* [Prompt]: Within the data below, count the lines that include the word "norm". Provide the number and nothing further.

* [Information given]:
lemma ln_dens_u1_p_hat0_le:
  assumes c: "0 < c" "c \<le> 1" and t: "0 < t" and y: "-1 < y" "y < 1"
  shows "ln (dens_u1_p_hat0 c t y) \<le> ln (sqrt (2 * pi) * sqrt t / c) + (1 - c * y^2) / (2 * t)"
proof -
  let ?S = "sqrt (2 * pi) * sqrt t" and ?d = "(1 - \<bar>c * y\<bar>)^2"
  have S_pos: "0 < ?S" using t by simp
  have p_pos: "0 < p_t t (c * y)" using p_t_pos[OF t] .
  have "ln (dens_u1_p_hat0 c t y) = - ln (2 * c * p_t t (c * y))"
    using y c p_pos by (simp add: dens_u1_p_hat0_def ln_div)
  also have "\<dots> \<le> - ln (c * exp (- ?d / (2 * t)) / ?S)"
  proof -
    have "c * exp (- ?d / (2 * t)) / ?S \<le> 2 * c * p_t t (c * y)"
      using p_t_ge[OF t, of "c * y"] c S_pos by (simp add: field_simps)
    then show ?thesis
      using c S_pos p_pos by (simp add: ln_le_cancel_iff)
  qed
  also have "\<dots> = ln (?S / c) + ?d / (2 * t)"
    using c S_pos by (simp add: ln_div ln_mult)
  also have "?d / (2 * t) \<le> (1 - c * y^2) / (2 * t)"
    using one_minus_abs_scaled_sq_le[of c y] c y t by (simp add: divide_right_mono)
  finally show ?thesis by simp
qed

lemma AE_u1_open_interval: "AE y in u1. -1 < y \<and> y < 1"
  unfolding u1_eq_density_open by (subst AE_density) (auto simp: indicator_def)

lemma
  assumes c: "0 < c" "c \<le> 1" and t: "0 < t"
  shows integrable_ln_dens_u1_p_hat0: "integrable u1 (\<lambda>y. ln (dens_u1_p_hat0 c t y))"
    and integral_ln_dens_u1_p_hat0_le:
      "(\<integral>y. ln (dens_u1_p_hat0 c t y) \<partial>u1) \<le> ln (sqrt (2 * pi) * sqrt t / c) + (1 - c / 3) / (2 * t)"
proof -
  define K where "K = ln (sqrt (2 * pi) * sqrt t / c)"
  define L where "L = (\<lambda>y::real. K + (1 - c * y^2) / (2 * t))"
  define F where "F = (\<lambda>y::real. K * y + (y - c * y^3 / 3) / (2 * t))"
  have "continuous_on UNIV L"
    unfolding L_def using t by (intro continuous_intros) auto
  moreover have "(F has_real_derivative L y) (at y)" for y
    unfolding F_def L_def using t by (auto intro!: derivative_eq_intros simp: power2_eq_square field_simps)
  ultimately have L: "integrable u1 L" "integral\<^sup>L u1 L = (F 1 - F (-1)) / 2"
    by (rule integral_u1_FTC)+
  have bounds: "AE y in u1. ln (sqrt (2 * pi) * sqrt t / (2 * c)) \<le> ln (dens_u1_p_hat0 c t y)
                             \<and> ln (dens_u1_p_hat0 c t y) \<le> L y"
    using AE_u1_open_interval
  proof eventually_elim
    case (elim y)
    then show ?case
      using ln_dens_u1_p_hat0_ge[OF c(1) t] ln_dens_u1_p_hat0_le[OF c t] by (simp add: L_def K_def)
  qed
  show integrable: "integrable u1 (\<lambda>y. ln (dens_u1_p_hat0 c t y))"
  proof (rule Bochner_Integration.integrable_bound)
    show "integrable u1 (\<lambda>y. \<bar>L y\<bar> + \<bar>ln (sqrt (2 * pi) * sqrt t / (2 * c))\<bar>)"
      using L(1) prob_space.finite_measure[OF prob_space_u1]
      by (intro Bochner_Integration.integrable_add integrable_abs finite_measure.integrable_const)
    show "AE y in u1. norm (ln (dens_u1_p_hat0 c t y))
                     \<le> norm (\<bar>L y\<bar> + \<bar>ln (sqrt (2 * pi) * sqrt t / (2 * c))\<bar>)"
      using bounds by eventually_elim auto
  qed (simp add: measurable_cong_sets[OF sets_u1 refl])
  have "(\<integral>y. ln (dens_u1_p_hat0 c t y) \<partial>u1) \<le> integral\<^sup>L u1 L"
    using bounds by (intro integral_mono_AE integrable L(1)) (auto elim: AE_mp)
  also have "\<dots> = K + (1 - c / 3) / (2 * t)"
    unfolding L(2) F_def using t by (simp add: field_simps)
  finally show "(\<integral>y. ln (dens_u1_p_hat0 c t y) \<partial>u1) \<le> ln (sqrt (2 * pi) * sqrt t / c) + (1 - c / 3) / (2 * t)"
    unfolding K_def .
qed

* [Response area]: 2